● Instructions to follow: Out of the material that follows, write out exactly the lines from the line with "n |S \<inter>" to the line with "uniformly distributed unit", both ends included, and no others.

● Available data:
⟨

(* For each $n\ge 3$, let $k$ be chosen uniformly at random from $\mathbb{Z}_n^\times$. Then $\mathbf{E}[D(\psi_k)]=O(\log^2 n\,\log\log n)$, with an absolute implicit constant. In particular, for every such $n$ there exists $k\in\mathbb{Z}_n^\times$ with $D(\psi_k)=O(\log^2 n\,\log\log n)$.
   Context: For $k\in\mathbb{Z}_n^\times$ (the units of $\mathbb{Z}_n$), $\psi_k:\mathbb{Z}_n\to\mathbb{Z}_n$ is the permutation $\psi_k(s)=ks$. An interval of $\mathbb{Z}_n$ is any subset that is the image of an interval of consecutive integers under the projection $\mathbb{Z}\to\mathbb{Z}_n$ (wrap-around allowed). For $S,T\subseteq\mathbb{Z}_n$, $D_T(S)=\bigl|\,|S\cap T|-|S||T|/n\,\bigr|$, and for a permutation $\sigma$ of $\mathbb{Z}_n$, $D(\sigma)=\max_{I,J}D_J(\sigma(I))$ over all intervals $I,J$ of $\mathbb{Z}_n$. *)

theory Defs
  imports Complex_Main "HOL-Number_Theory.Number_Theory"
begin

definition Zn :: "nat \<Rightarrow> nat set" where
  "Zn n = {0..<n}"

definition Zn_units :: "nat \<Rightarrow> nat set" where
  "Zn_units n = {k \<in> Zn n. coprime k n}"

text \<open>Intervals of Z_n: images of runs of L consecutive integers a, a+1, ..., a+L-1
  under reduction mod n (wrap-around allowed; L = 0 gives the empty interval).\<close>
definition zinterval :: "nat \<Rightarrow> nat \<Rightarrow> nat \<Rightarrow> nat set" where
  "zinterval n a L = (\<lambda>i. (a + i) mod n) ` {..<L}"

definition is_zinterval :: "nat \<Rightarrow> nat set \<Rightarrow> bool" where
  "is_zinterval n I \<longleftrightarrow> (\<exists>a L. I = zinterval n a L)"

definition psi :: "nat \<Rightarrow> nat \<Rightarrow> nat \<Rightarrow> nat" where
  "psi n k s = (k * s) mod n"

definition DT :: "nat \<Rightarrow> nat set \<Rightarrow> nat set \<Rightarrow> real" where
  "DT n T S = \<bar>real (card (S \<inter> T)) - real (card S) * real (card T) / real n\<bar>"

definition discrepancy :: "nat \<Rightarrow> (nat \<Rightarrow> nat) \<Rightarrow> real" where
  "discrepancy n \<sigma> =
     Max {DT n J (\<sigma> ` I) | I J. is_zinterval n I \<and> is_zinterval n J}"

end

theory Submission
  imports Defs "HOL-Analysis.Complex_Transcendental"
begin

(* Finite Fourier analysis on Z_n gives
     n |S \<inter> T| - |S| |T| = \<Sum>h = 1..<n. dft n S h * cnj (dft n T h).
   The coefficients of an interval are geometric sums, so |dft n I c| \<le> n * inv_dist n c with
   inv_dist n c = 1/c + 1/(n - c), and the coefficients of psi_k(I) are those of I at the
   frequencies h k.  Hence
     D(psi_k) \<le> n * \<Sum>h. inv_dist n h * inv_dist n (h k mod n).
   Averaging over the units k: with d = gcd h n and m = n/d, the residue h k mod n is d times a
   uniformly distributed unit of Z_m, and inv_dist scales by 1/d.  The products u * \<Prod>B, for u a
   unit of m and B a set of prime factors of m, are distinct integers \<le> m^2, which gives
     (\<Sum>u unit of m. 1/u) * \<Prod>p|m. (1 + 1/p) \<le> 1 + 2 ln m,
   while m \<le> 2 totient(m) \<Prod>p|m. (1 + 1/p) because \<Prod>p. (1 - 1/p^2) \<ge> 1/2.  So the average of
   inv_dist n (h k mod n) is O(log n / n) for every h \<noteq> 0, and summing over h shows that the
   average discrepancy is O(log^2 n), which is stronger than the claimed bound. *)

section \<open>Roots of unity and the discrete Fourier transform\<close>

text \<open>Since 2 * pi / 0 = 0, zeta 0 = 1, so the algebraic identities for zeta hold for every n,
  including n = 0.\<close>

definition zeta :: "nat \<Rightarrow> complex" where
  "zeta n = cis (2 * pi / real n)"

lemma zeta_power: "zeta n ^ x = cis (2 * pi * real x / real n)"
  by (simp only: zeta_def Complex.DeMoivre) (simp add: field_simps)

lemma norm_zeta_power [simp]: "norm (zeta n ^ x) = 1"
  by (simp add: zeta_power)

lemma zeta_power_self [simp]: "zeta n ^ n = 1"
proof (cases "n = 0")
  case False
  then show ?thesis by (simp add: zeta_power)
qed (simp add: zeta_def)

lemma zeta_power_mod: "zeta n ^ (x mod n) = zeta n ^ x"
proof -
  have "zeta n ^ x = (zeta n ^ n) ^ (x div n) * zeta n ^ (x mod n)"
    by (metis mult_div_mod_eq power_add power_mult)
  then show ?thesis by simp
qed

lemma zeta_power_cong: "[x = y] (mod n) \<Longrightarrow> zeta n ^ x = zeta n ^ y"
  by (metis Cong.cong_def zeta_power_mod)

lemma cnj_zeta_power: "cnj (zeta n ^ x) = zeta n ^ ((n - 1) * x)"
proof (cases "n = 0")
  case False
  have "zeta n * zeta n ^ (n - 1) = 1"
    using False zeta_power_self[of n] by (metis Suc_diff_1 not_gr0 power_Suc)
  then have "inverse (zeta n) = zeta n ^ (n - 1)"
    by (rule inverse_unique)
  moreover have "cnj (zeta n) = inverse (zeta n)"
    by (simp add: zeta_def cis_cnj)
  ultimately show ?thesis
    by (simp add: power_mult)
qed (simp add: zeta_def)

lemma sin_ge_third:
  fixes y :: real
  assumes "0 \<le> y" "y \<le> 2"
  shows "y / 3 \<le> sin y"
proof -
  have "\<bar>sin y - (\<Sum>m<3. sin_coeff m * y ^ m)\<bar> \<le> inverse (fact 3) * \<bar>y\<bar> ^ 3"
    by (rule Maclaurin_sin_bound)
  moreover have "(\<Sum>m<3. sin_coeff m * y ^ m) = y"
    by (simp add: numeral_3_eq_3 sin_coeff_def)
  ultimately have "\<bar>sin y - y\<bar> * 6 \<le> y ^ 3"
    using assms by (simp add: fact_numeral)
  then have "6 * (y - sin y) \<le> y ^ 3"
    using abs_ge_minus_self[of "sin y - y"] by (smt (verit))
  then have "y - y ^ 3 / 6 \<le> sin y"
    by (simp add: field_simps)
  moreover have "y ^ 3 \<le> 4 * y"
    using assms mult_left_mono[of "y\<^sup>2" 4 y] power_mono[of y 2 2]
    by (simp add: power3_eq_cube power2_eq_square mult.commute)
  ultimately show ?thesis by linarith
qed

lemma norm_one_minus_cis: "norm (1 - cis t) = 2 * \<bar>sin (t / 2)\<bar>"
proof -
  have "(norm (1 - cis t))\<^sup>2 = (1 - cos t)\<^sup>2 + (sin t)\<^sup>2"
    by (simp add: cmod_def)
  also have "\<dots> = 4 * (sin (t / 2))\<^sup>2 * ((sin (t / 2))\<^sup>2 + (cos (t / 2))\<^sup>2)"
  proof -
    have c: "cos t = 1 - 2 * (sin (t / 2))\<^sup>2" and s: "sin t = 2 * sin (t / 2) * cos (t / 2)"
      using cos_double_sin[of "t / 2"] sin_double[of "t / 2"] by simp_all
    have "(1 - (1 - 2 * a\<^sup>2))\<^sup>2 + (2 * a * b)\<^sup>2 = 4 * a\<^sup>2 * (a\<^sup>2 + b\<^sup>2)" for a b :: real
      by (simp add: power2_eq_square algebra_simps)
    then show ?thesis
      unfolding c s .
  qed
  also have "\<dots> = (2 * \<bar>sin (t / 2)\<bar>)\<^sup>2"
    by (simp add: power_mult_distrib)
  finally show ?thesis
    by (rule power2_eq_imp_eq) simp_all
qed

lemma norm_one_minus_zeta_power_ge:
  assumes "0 < c" "c < n"
  shows "2 * real (min c (n - c)) / real n \<le> norm (1 - zeta n ^ c)"
proof -
  define y where "y = pi * real (min c (n - c)) / real n"
  have "norm (1 - zeta n ^ c) = 2 * \<bar>sin (pi * real c / real n)\<bar>"
    unfolding zeta_power norm_one_minus_cis by (simp add: field_simps)
  also have "sin (pi * real c / real n) = sin y"
  proof (cases "c \<le> n - c")
    case False
    then have "y = pi - pi * real c / real n"
      using assms by (simp add: y_def of_nat_diff field_simps)
    then show ?thesis by (simp add: sin_pi_minus)
  qed (simp add: y_def)
  finally have norm_eq: "norm (1 - zeta n ^ c) = 2 * \<bar>sin y\<bar>" .
  have "2 * real (min c (n - c)) \<le> real n" by linarith
  moreover have "pi * real (min c (n - c)) \<le> 4 * real (min c (n - c))"
    using pi_less_4 by (intro mult_right_mono) auto
  ultimately have "pi * real (min c (n - c)) \<le> 2 * real n"
    by linarith
  then have "0 \<le> y" "y \<le> 2"
    using assms by (simp_all add: y_def pos_divide_le_eq)
  moreover have "real (min c (n - c)) / real n \<le> y / 3"
    using assms pi_gt3 mult_right_mono[of 3 pi "real (min c (n - c))"]
    by (simp add: y_def field_simps)
  ultimately show ?thesis
    using sin_ge_third[of y] norm_eq by linarith
qed

lemma zeta_power_eq_one_iff:
  assumes "0 < n"
  shows "zeta n ^ x = 1 \<longleftrightarrow> n dvd x"
proof
  assume "zeta n ^ x = 1"
  show "n dvd x"
  proof (rule ccontr)
    assume "\<not> n dvd x"
    then have "0 < x mod n" "x mod n < n"
      using assms by (auto simp: mod_greater_zero_iff_not_dvd)
    then have "0 < 2 * real (min (x mod n) (n - x mod n)) / real n"
      by simp
    then have "0 < norm (1 - zeta n ^ (x mod n))"
      using norm_one_minus_zeta_power_ge[of "x mod n" n] \<open>0 < x mod n\<close> \<open>x mod n < n\<close>
      by linarith
    then show False
      using \<open>zeta n ^ x = 1\<close> by (simp add: zeta_power_mod)
  qed
next
  assume "n dvd x"
  then show "zeta n ^ x = 1"
    using zeta_power_cong[of x 0 n] by (simp add: cong_0_iff)
qed

lemma sum_zeta_powers:
  assumes "0 < n"
  shows "(\<Sum>h<n. zeta n ^ (h * x)) = (if n dvd x then of_nat n else 0)"
proof (cases "n dvd x")
  case True
  then have "zeta n ^ (h * x) = 1" for h
    by (simp add: zeta_power_eq_one_iff[OF assms])
  then show ?thesis
    using True by simp
next
  case False
  define z where "z = zeta n ^ x"
  have "z \<noteq> 1" "z ^ n = 1"
    using False zeta_power_eq_one_iff[OF assms]
    by (simp_all add: z_def power_mult[symmetric] mult.commute[of x] power_mult)
  have "(\<Sum>h<n. zeta n ^ (h * x)) = (\<Sum>h<n. z ^ h)"
    by (simp add: z_def mult.commute[of _ x] power_mult)
  also have "\<dots> = 0"
    using \<open>z \<noteq> 1\<close> \<open>z ^ n = 1\<close> by (simp add: geometric_sum)
  finally show ?thesis
    using False by simp
qed

lemma sum_zeta_orthogonal:
  assumes "s < n" "t < n"
  shows "(\<Sum>h<n. zeta n ^ (h * s) * cnj (zeta n ^ (h * t))) = (if s = t then of_nat n else 0)"
proof -
  have "n dvd s + (n - 1) * t \<longleftrightarrow> [s + (n - 1) * t + t = t] (mod n)"
    by (simp add: cong_add_rcancel_0_nat cong_0_iff)
  also have "s + (n - 1) * t + t = s + n * t"
    using assms by (cases n) auto
  also have "[s + n * t = t] (mod n) \<longleftrightarrow> s = t"
    using assms by (simp add: Cong.cong_def)
  finally have "n dvd s + (n - 1) * t \<longleftrightarrow> s = t" .
  moreover have "zeta n ^ (h * s) * cnj (zeta n ^ (h * t)) = zeta n ^ (h * (s + (n - 1) * t))" for h
  proof -
    have "h * (s + (n - 1) * t) = h * s + (n - 1) * (h * t)"
      by (simp add: distrib_left mult.left_commute)
    then show ?thesis
      by (simp only: cnj_zeta_power power_add)
  qed
  ultimately show ?thesis
    using sum_zeta_powers[of n] assms by simp
qed

definition dft :: "nat \<Rightarrow> nat set \<Rightarrow> nat \<Rightarrow> complex" where
  "dft n A h = (\<Sum>x\<in>A. zeta n ^ (h * x))"

lemma dft_0 [simp]: "dft n A 0 = of_nat (card A)"
  by (simp add: dft_def)

lemma sum_dft_mult_cnj:
  assumes "S \<subseteq> {..<n}" "T \<subseteq> {..<n}"
  shows "(\<Sum>h<n. dft n S h * cnj (dft n T h)) = of_nat n * of_nat (card (S \<inter> T))"
proof -
  have fin: "finite S" "finite T"
    using assms finite_subset by auto
  have "(\<Sum>h<n. dft n S h * cnj (dft n T h))
        = (\<Sum>s\<in>S. \<Sum>t\<in>T. \<Sum>h<n. zeta n ^ (h * s) * cnj (zeta n ^ (h * t)))"
    unfolding dft_def cnj_sum sum_product
    by (subst sum.swap, rule sum.cong[OF refl], rule sum.swap)
  also have "\<dots> = (\<Sum>s\<in>S. \<Sum>t\<in>T. if s = t then of_nat n else 0)"
    using assms by (intro sum.cong refl sum_zeta_orthogonal) auto
  also have "\<dots> = of_nat n * of_nat (card (S \<inter> T))"
    using fin by (simp add: sum.If_cases Int_def)
  finally show ?thesis .
qed

lemma dft_card_inter:
  assumes "0 < n" "S \<subseteq> {..<n}" "T \<subseteq> {..<n}"
  shows "of_nat n * of_nat (card (S \<inter> T)) - of_nat (card S) * of_nat (card T)
         = (\<Sum>h = 1..<n. dft n S h * cnj (dft n T h))"
proof -
  have "{..<n} = insert 0 {1..<n}"
    using assms(1) by auto
  then show ?thesis
    using sum_dft_mult_cnj[OF assms(2,3)] by (simp add: diff_eq_eq add.commute)
qed

section \<open>Fourier coefficients of intervals\<close>

definition inv_dist :: "nat \<Rightarrow> nat \<Rightarrow> real" where
  "inv_dist n c = 1 / real c + 1 / (real n - real c)"

lemma inv_dist_nonneg: "c < n \<Longrightarrow> 0 \<le> inv_dist n c"
  by (simp add: inv_dist_def)

lemma two_div_norm_one_minus_zeta_power_le:
  assumes "0 < c" "c < n"
  shows "2 / norm (1 - zeta n ^ c) \<le> real n * inv_dist n c"
proof -
  define m where "m = min c (n - c)"
  have m: "0 < m" "real m = real c \<or> real m = real n - real c"
    using assms by (auto simp: m_def)
  have "2 / norm (1 - zeta n ^ c) \<le> 2 / (2 * real m / real n)"
    using norm_one_minus_zeta_power_ge[OF assms] m assms
    by (intro frac_le) (auto simp: m_def)
  also have "\<dots> = real n * (1 / real m)"
    by simp
  also have "\<dots> \<le> real n * inv_dist n c"
    using m assms by (intro mult_left_mono) (auto simp: inv_dist_def)
  finally show ?thesis .
qed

⟩

● Written response:
     n |S \<inter> T| - |S| |T| = \<Sum>h = 1..<n. dft n S h * cnj (dft n T h).
   The coefficients of an interval are geometric sums, so |dft n I c| \<le> n * inv_dist n c with
   inv_dist n c = 1/c + 1/(n - c), and the coefficients of psi_k(I) are those of I at the
   frequencies h k.  Hence
     D(psi_k) \<le> n * \<Sum>h. inv_dist n h * inv_dist n (h k mod n).
   Averaging over the units k: with d = gcd h n and m = n/d, the residue h k mod n is d times a
   uniformly distributed unit of Z_m, and inv_dist scales by 1/d.  The products u * \<Prod>B, for u a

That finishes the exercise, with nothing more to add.